None of that medical consensus was disputed by the Court. The majority opinion simply held that when the treatment takes the form of speech — a conversation between therapist and patient — the First Amendment demands that the government meet a higher burden before it can intervene.
That distinction between speech and conduct is where the practical fallout begins. States will now need to determine whether their existing bans can survive strict scrutiny, or whether they need to be rewritten to focus exclusively on physical practices while leaving talk therapy unregulated. Some may not bother to try.
Maryland lawmakers were already scrambling as of April 1, weighing late-session amendments to shore up their own protections. Other states are expected to follow.

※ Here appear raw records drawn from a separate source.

(* In $\mathrm{Leib}$, for every $n\ge0$ and $0\le i\le j\le n$, \[\rho_i^{n+1}\rho_j^n=\rho_{j+1}^{n+1}\rho_i^n.\]
   Context: Let $\Bbbk$ be a field and $\mathbb{K}=\bigoplus_{n\in\mathbb N}\Bbbk1_n$ with $1_n1_m=\delta_{nm}1_n$. A $\mathbb K$-algebra is the categorical algebra of a small $\Bbbk$-linear category with object set $\mathbb N$. Generators: $\partial^n_j$ ($n\ge0$, $0\le j\le n$), a morphism $n\to n+1$, and $\chi^n_i$ ($n\ge1$, $0\le i\le n-1$), an endomorphism of $n$; products with mismatched degrees are $0$. $\mathrm{Mag}$: free on the $\partial^n_j$ modulo $\partial^{n+1}_i\partial^n_j=\partial^{n+1}_{j+1}\partial^n_i$ ($0\le i<j\le n$). $\mathrm{Sym}$: free on the $\chi^n_i$ modulo $\chi^n_i\chi^n_j=\chi^n_j\chi^n_i$ ($|i-j|\ge2$), $\chi^n_i\chi^n_{i+1}\chi^n_i=\chi^n_{i+1}\chi^n_i\chi^n_{i+1}$, $\chi^n_i\chi^n_i=1_n$. $\mathrm{Sym}\otimes_\zeta\mathrm{Mag}$: generated by both with underlying bimodule $\mathrm{Sym}\otimes_{\mathbb K}\mathrm{Mag}$ and relations $\partial_i^n\chi_j^n=\chi^{n+1}_{j+1}\partial^n_i$ ($i<j$), $\chi^{n+1}_{i+1}\chi^{n+1}_i\partial^n_{i+1}$ ($i=j$), $\chi^{n+1}_{i-1}\chi^{n+1}_i\partial^n_{i-1}$ ($i=j+1$), $\chi^{n+1}_j\partial^n_i$ ($i>j+1$). $\mathrm{Leib}$ is the quotient of $\mathrm{Sym}\otimes_\zeta\mathrm{Mag}$ by the ideal generated by $\partial^{n+1}_{j+1}\partial^n_j-(1_{n+2}-\chi^{n+2}_{j+1})\partial^{n+1}_j\partial^n_j$, $0\le j\le n$. In $\mathrm{Leib}$, $\rho^n_{-1}:=0$ and $\rho^n_j:=\partial^n_j+\sum_{a=1}^j\chi^{n+1}_j\cdots\chi^{n+1}_a\partial^n_{a-1}$ for $0\le j\le n$. *)

theory Defs
  imports Main
begin

text \<open>Generators of the free K-algebra (path algebra of the quiver with vertex set nat):
  D n j is the generator \<partial>^n_j : n \<rightarrow> n+1 (valid iff j \<le> n),
  X n i is the generator \<chi>^n_i : n \<rightarrow> n (valid iff i < n, so n \<ge> 1).\<close>

datatype gen = D nat nat | X nat nat

fun gsrc :: "gen \<Rightarrow> nat" where
  "gsrc (D n j) = n" | "gsrc (X n i) = n"

fun gtgt :: "gen \<Rightarrow> nat" where
  "gtgt (D n j) = Suc n" | "gtgt (X n i) = n"

fun gvalid :: "gen \<Rightarrow> bool" where
  "gvalid (D n j) = (j \<le> n)" | "gvalid (X n i) = (i < n)"

text \<open>A path is (source object, word); the word [g1,...,gk] denotes the product g1 g2 ... gk,
  i.e. gk is applied first. The empty word at n denotes the idempotent 1_n.\<close>

type_synonym path = "nat \<times> gen list"
definition stable_model :: "('p, 'f, 'v) program \<Rightarrow> ('p, 'f, 'v) atom set \<Rightarrow> bool" where
  "stable_model P M \<longleftrightarrow> minimal_herbrand_model (reduct P M) M"

definition consistent :: "('p, 'f, 'v) program \<Rightarrow> bool" where
  "consistent P \<longleftrightarrow> (\<exists>M. stable_model P M)"

definition atoms_of_rule :: "('p, 'f, 'v) rule \<Rightarrow> ('p, 'f, 'v) atom set" where
  "atoms_of_rule r = set (head r) \<union> pos_body r \<union> neg_body r"

definition dep_edges :: "('p, 'f, 'v) program \<Rightarrow> (('p, 'f, 'v) atom \<times> ('p, 'f, 'v) atom) set" where
  "dep_edges P = {(A, B). \<exists>r\<in>Ground P. A \<in> set (head r) \<and> B \<in> atoms_of_rule r}"

definition depends :: "('p, 'f, 'v) program \<Rightarrow> ('p, 'f, 'v) atom \<Rightarrow> ('p, 'f, 'v) atom \<Rightarrow> bool" where
  "depends P A B \<longleftrightarrow> (A, B) \<in> (dep_edges P)\<^sup>*"

definition GH :: "('p, 'f, 'v) program \<Rightarrow> ('p, 'f, 'v) atom set" where
  "GH P = (\<Union>r\<in>Ground P. set (head r))"

text \<open>An enumeration of GH is a bijection from an initial segment {i. i < n} of nat
  (n possibly infinite) onto GH; indices start at 0 (p 0 is p_1).\<close>
definition enumeration :: "('p, 'f, 'v) program \<Rightarrow> enat \<Rightarrow> (nat \<Rightarrow> ('p, 'f, 'v) atom) \<Rightarrow> bool" where
  "enumeration P n p \<longleftrightarrow> bij_betw p {i. enat i < n} (GH P)"

text \<open>The i-th module (P_{i+1} in the paper's 1-based indexing).\<close>
definition module :: "('p, 'f, 'v) program \<Rightarrow> (nat \<Rightarrow> ('p, 'f, 'v) atom) \<Rightarrow> nat \<Rightarrow> ('p, 'f, 'v) program" where
  "module P p i = {r \<in> Ground P. \<exists>j\<le>i. \<exists>A\<in>set (head r). depends P (p j) A}"

definition inconsistent_seq :: "('p, 'f, 'v) program \<Rightarrow> enat \<Rightarrow> (nat \<Rightarrow> ('p, 'f, 'v) atom) \<Rightarrow> bool" where
  "inconsistent_seq P n p \<longleftrightarrow> (\<exists>i. enat i < n \<and> \<not> consistent (module P p i))"

end

theory Submission
  imports Defs
begin
lemma simple_path_take:
  assumes "simple_path I T p x y" "i < length p"
  shows "simple_path I T (take (Suc i) p) x (p ! i)"
proof -
  have "successively T (take (Suc i) p @ drop (Suc i) p)"
    using assms(1) by (simp add: simple_path_altdef)
  then have "successively T (take (Suc i) p)"
    by (simp only: successively_append_iff)
  moreover have "last (take (Suc i) p) = p ! i"
    using assms(2) by (simp add: take_Suc_conv_app_nth)
  ultimately show ?thesis
    using assms set_take_subset[of "Suc i" p] by (auto simp: simple_path_altdef)
qed

lemma simple_path_snoc:
  assumes "simple_path I T p x y" "z \<in> I" "z \<notin> set p" "T y z"
  shows "simple_path I T (p @ [z]) x z"
  using assms by (auto simp: simple_path_altdef successively_append_iff)

locale rooted_tree =
  fixes I :: "'i set" and T :: "'i \<Rightarrow> 'i \<Rightarrow> bool" and root :: 'i
  assumes is_tree: "is_tree I T" and root_in: "root \<in> I"
begin

lemma finite_nodes: "finite I"
  using is_tree by (simp add: is_tree_def)

lemma edge_nodes: "T s t \<Longrightarrow> s \<in> I \<and> t \<in> I \<and> s \<noteq> t \<and> T t s"
  using is_tree by (simp add: is_tree_def)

What This Means for LGBTQ+ Youth
For queer and trans young people, the ruling arrives in an already hostile landscape. The 988 Suicide and Crisis Lifeline recently shuttered its specialized LGBTQ+ youth line, and anti-trans legislation continues to advance in statehouses across the country. Puerto Rico’s governor just signed a law banning hormone therapy and gender-affirming surgeries for people under 21.
Conversion therapy bans were one of the few areas where LGBTQ+ protections had been gaining ground steadily over the past decade. This ruling doesn’t eliminate those bans overnight, but it provides a legal roadmap for challengers in every state that has one.
The Court was careful to say it wasn’t deciding whether conversion therapy bans are inherently unconstitutional. But in practice, by subjecting them to the most demanding standard of judicial review, it has made them vastly harder to maintain. And for the LGBTQ+ youth these laws were designed to protect, the practical difference between “technically possible to defend” and “effectively unenforceable” may be no difference at all.